● **Problem**
What is the number of lines in the listing that contain "divisor"? Give that number only.

● **Provided data**
(* For any finite set $P$ of prime numbers, there is a generalized Euclid sequence with seed $P$ that contains every prime number.
   Context: Given a finite set $\{p_1,\ldots,p_k\}$ of distinct primes, for any $I\subseteq\{1,\ldots,k\}$ put $N_I=\prod_{i\in I}p_i+\prod_{i\in\{1,\ldots,k\}\setminus I}p_i$ (empty products equal $1$); $N_I>1$ is coprime to $p_1\cdots p_k$. A generalized Euclid sequence with seed $\{p_1,\ldots,p_k\}$ is an infinite sequence of primes $p_1,p_2,\ldots$ beginning with the seed primes (in some order) such that for every $j\ge k$, $p_{j+1}$ is a prime factor of $N_I$ for some $I\subseteq\{1,\ldots,j\}$ (formed with $p_1,\ldots,p_j$ in place of $p_1,\ldots,p_k$). Equivalently, $p_{j+1}$ is a prime divisor of $d+n/d$ for some positive divisor $d$ of $n=p_1\cdots p_j$. *)

theory Defs
  imports "HOL-Computational_Algebra.Primes"
begin

(* The sequence p_1, p_2, ... of the paper is rendered 0-indexed: p 0, p 1, ... *)
definition gen_euclid_seq :: "nat set \<Rightarrow> (nat \<Rightarrow> nat) \<Rightarrow> bool" where
  "gen_euclid_seq P p \<longleftrightarrow>
     (\<forall>i. prime (p i)) \<and>
     bij_betw p {..<card P} P \<and>
     (\<forall>j\<ge>card P. \<exists>I\<subseteq>{..<j}.
         p j dvd (\<Prod>i\<in>I. p i) + (\<Prod>i\<in>{..<j} - I. p i))"

end

theory Submission
  imports Defs "HOL-Number_Theory.Residues"
begin

(*
  Suppose a prime q could never be reached from some finite set of primes. Among all such
  blocked sets take one, A, whose subset products cover the most residues mod q, and call Y this
  set of residues. If a blocked set B has the same residue set Y (a twin) and r is a prime divisor
  of some N_I formed from B, then adjoining r to B gives a twin again, so r mod q stabilises Y.
  Let K be the subgroup of (Z/q)^* generated by the stabilising x for which c0 * x, c0 = prod A,
  is the product of a twin. For a twin B with product c0 * x, x in K, every divisor of every N_I
  of B lies in K mod q; taking I with prod I = k^-1 (mod q) shows 1 + c k^2 in K for all k in K,
  where c = prod B. Summing (1 + c k^2)^|K| over K then forces |K| = 2m and
  q | c^m + binom(2m, m). Comparing this for B and for A gives x^m = 1 for all generators x, so
  K has exponent m < |K|, which is absurd. The sequence is then built by extending the seed step
  by step, the n-th step reaching n whenever n is prime.
*)

(* Residues mod q are represented by their least non-negative representatives. *)
definition unit_subgroup :: "nat \<Rightarrow> nat set \<Rightarrow> bool" where
  "unit_subgroup q K \<longleftrightarrow> K \<subseteq> {1..<q} \<and> 1 \<in> K \<and> (\<forall>a\<in>K. \<forall>b\<in>K. a * b mod q \<in> K)"

lemma prime_coprime_of_not_dvd: "prime (q::nat) \<Longrightarrow> \<not> q dvd k \<Longrightarrow> coprime k q"
  by (metis coprime_commute prime_imp_coprime)

lemma dvd_double_le_iff:
  fixes N i :: nat
  assumes "0 < N" and "i \<le> N"
  shows "N dvd 2 * i \<longleftrightarrow> i = 0 \<or> i = N \<or> 2 * i = N"
proof
  assume "N dvd 2 * i"
  then obtain t where t: "2 * i = N * t" by blast
  then have "N * t \<le> N * 2" using assms(2) by linarith
  then have "t \<le> 2" using assms(1) by simp
  then have "t = 0 \<or> t = 1 \<or> t = 2" by auto
  then show "i = 0 \<or> i = N \<or> 2 * i = N" using t by auto
qed auto

lemma sum_binomial_affine_squares:
  fixes c :: nat and K :: "nat set"
  shows "(\<Sum>k\<in>K. (1 + c * k\<^sup>2) ^ N) = (\<Sum>i\<le>N. (N choose i) * c ^ i * (\<Sum>k\<in>K. k ^ (2 * i)))"
proof -
  have "(1 + c * k\<^sup>2) ^ N = (\<Sum>i\<le>N. (N choose i) * c ^ i * k ^ (2 * i))" for k
    using binomial_ring[of "c * k\<^sup>2" 1 N]
    by (simp add: add.commute power_mult_distrib power_mult mult.assoc)
  then have "(\<Sum>k\<in>K. (1 + c * k\<^sup>2) ^ N) = (\<Sum>i\<le>N. \<Sum>k\<in>K. (N choose i) * c ^ i * k ^ (2 * i))"
    using sum.swap by simp
  then show ?thesis by (simp add: sum_distrib_left)
qed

● **Result**
3